**PROVIDED MATERIAL:**
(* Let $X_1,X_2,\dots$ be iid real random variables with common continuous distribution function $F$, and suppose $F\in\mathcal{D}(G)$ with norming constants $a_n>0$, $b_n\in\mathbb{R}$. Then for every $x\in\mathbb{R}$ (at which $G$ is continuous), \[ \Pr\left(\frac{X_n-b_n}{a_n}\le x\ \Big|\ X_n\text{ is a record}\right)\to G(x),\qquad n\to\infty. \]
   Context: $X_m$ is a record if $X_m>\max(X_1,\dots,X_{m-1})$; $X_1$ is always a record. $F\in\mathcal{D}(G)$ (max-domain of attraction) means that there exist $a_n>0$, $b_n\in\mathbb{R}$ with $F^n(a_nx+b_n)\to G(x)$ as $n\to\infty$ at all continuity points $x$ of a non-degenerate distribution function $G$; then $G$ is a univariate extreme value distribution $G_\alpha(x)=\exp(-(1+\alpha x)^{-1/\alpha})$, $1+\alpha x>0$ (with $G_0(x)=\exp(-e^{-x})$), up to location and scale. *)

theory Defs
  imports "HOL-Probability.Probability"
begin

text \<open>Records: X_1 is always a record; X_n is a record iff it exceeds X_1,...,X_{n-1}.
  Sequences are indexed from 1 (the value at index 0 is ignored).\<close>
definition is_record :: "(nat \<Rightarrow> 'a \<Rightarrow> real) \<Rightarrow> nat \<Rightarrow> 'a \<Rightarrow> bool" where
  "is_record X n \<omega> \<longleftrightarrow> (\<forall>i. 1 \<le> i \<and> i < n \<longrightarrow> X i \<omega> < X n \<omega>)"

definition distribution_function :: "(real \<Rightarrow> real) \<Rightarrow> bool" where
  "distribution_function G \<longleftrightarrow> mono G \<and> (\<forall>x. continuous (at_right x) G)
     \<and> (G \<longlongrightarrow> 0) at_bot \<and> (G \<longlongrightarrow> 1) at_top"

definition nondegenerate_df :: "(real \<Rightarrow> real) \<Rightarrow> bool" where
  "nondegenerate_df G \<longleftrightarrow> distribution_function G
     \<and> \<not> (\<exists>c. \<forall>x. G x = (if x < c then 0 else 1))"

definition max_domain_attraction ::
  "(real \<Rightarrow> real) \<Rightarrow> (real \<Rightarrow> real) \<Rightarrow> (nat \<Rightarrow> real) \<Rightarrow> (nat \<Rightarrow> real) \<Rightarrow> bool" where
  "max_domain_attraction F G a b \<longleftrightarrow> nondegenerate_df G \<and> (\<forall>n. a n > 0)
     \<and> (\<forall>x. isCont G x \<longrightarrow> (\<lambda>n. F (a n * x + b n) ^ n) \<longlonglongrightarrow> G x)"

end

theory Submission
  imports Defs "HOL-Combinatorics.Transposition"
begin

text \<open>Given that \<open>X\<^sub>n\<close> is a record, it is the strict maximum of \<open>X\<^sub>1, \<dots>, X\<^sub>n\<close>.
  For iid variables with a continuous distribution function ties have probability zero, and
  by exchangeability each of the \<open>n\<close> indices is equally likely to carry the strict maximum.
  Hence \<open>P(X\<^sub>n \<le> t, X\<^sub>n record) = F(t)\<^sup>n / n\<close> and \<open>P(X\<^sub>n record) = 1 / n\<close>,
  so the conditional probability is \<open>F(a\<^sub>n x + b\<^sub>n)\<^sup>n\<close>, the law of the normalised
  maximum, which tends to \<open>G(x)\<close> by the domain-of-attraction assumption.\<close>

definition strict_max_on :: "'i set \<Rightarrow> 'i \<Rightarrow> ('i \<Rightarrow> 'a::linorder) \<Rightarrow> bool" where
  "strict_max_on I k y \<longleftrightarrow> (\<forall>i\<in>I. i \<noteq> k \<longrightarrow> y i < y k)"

**REQUIRED WORK:** Once you reach the line with "theory Submission" in the data above, copy it and every line after it exactly, up to and including the line with "Hence \<open>P(X\<^sub>n \<le>".

**ANSWER FOR THIS EXERCISE:**
theory Submission
  imports Defs "HOL-Combinatorics.Transposition"
begin

text \<open>Given that \<open>X\<^sub>n\<close> is a record, it is the strict maximum of \<open>X\<^sub>1, \<dots>, X\<^sub>n\<close>.
  For iid variables with a continuous distribution function ties have probability zero, and
  by exchangeability each of the \<open>n\<close> indices is equally likely to carry the strict maximum.
  Hence \<open>P(X\<^sub>n \<le> t, X\<^sub>n record) = F(t)\<^sup>n / n\<close> and \<open>P(X\<^sub>n record) = 1 / n\<close>,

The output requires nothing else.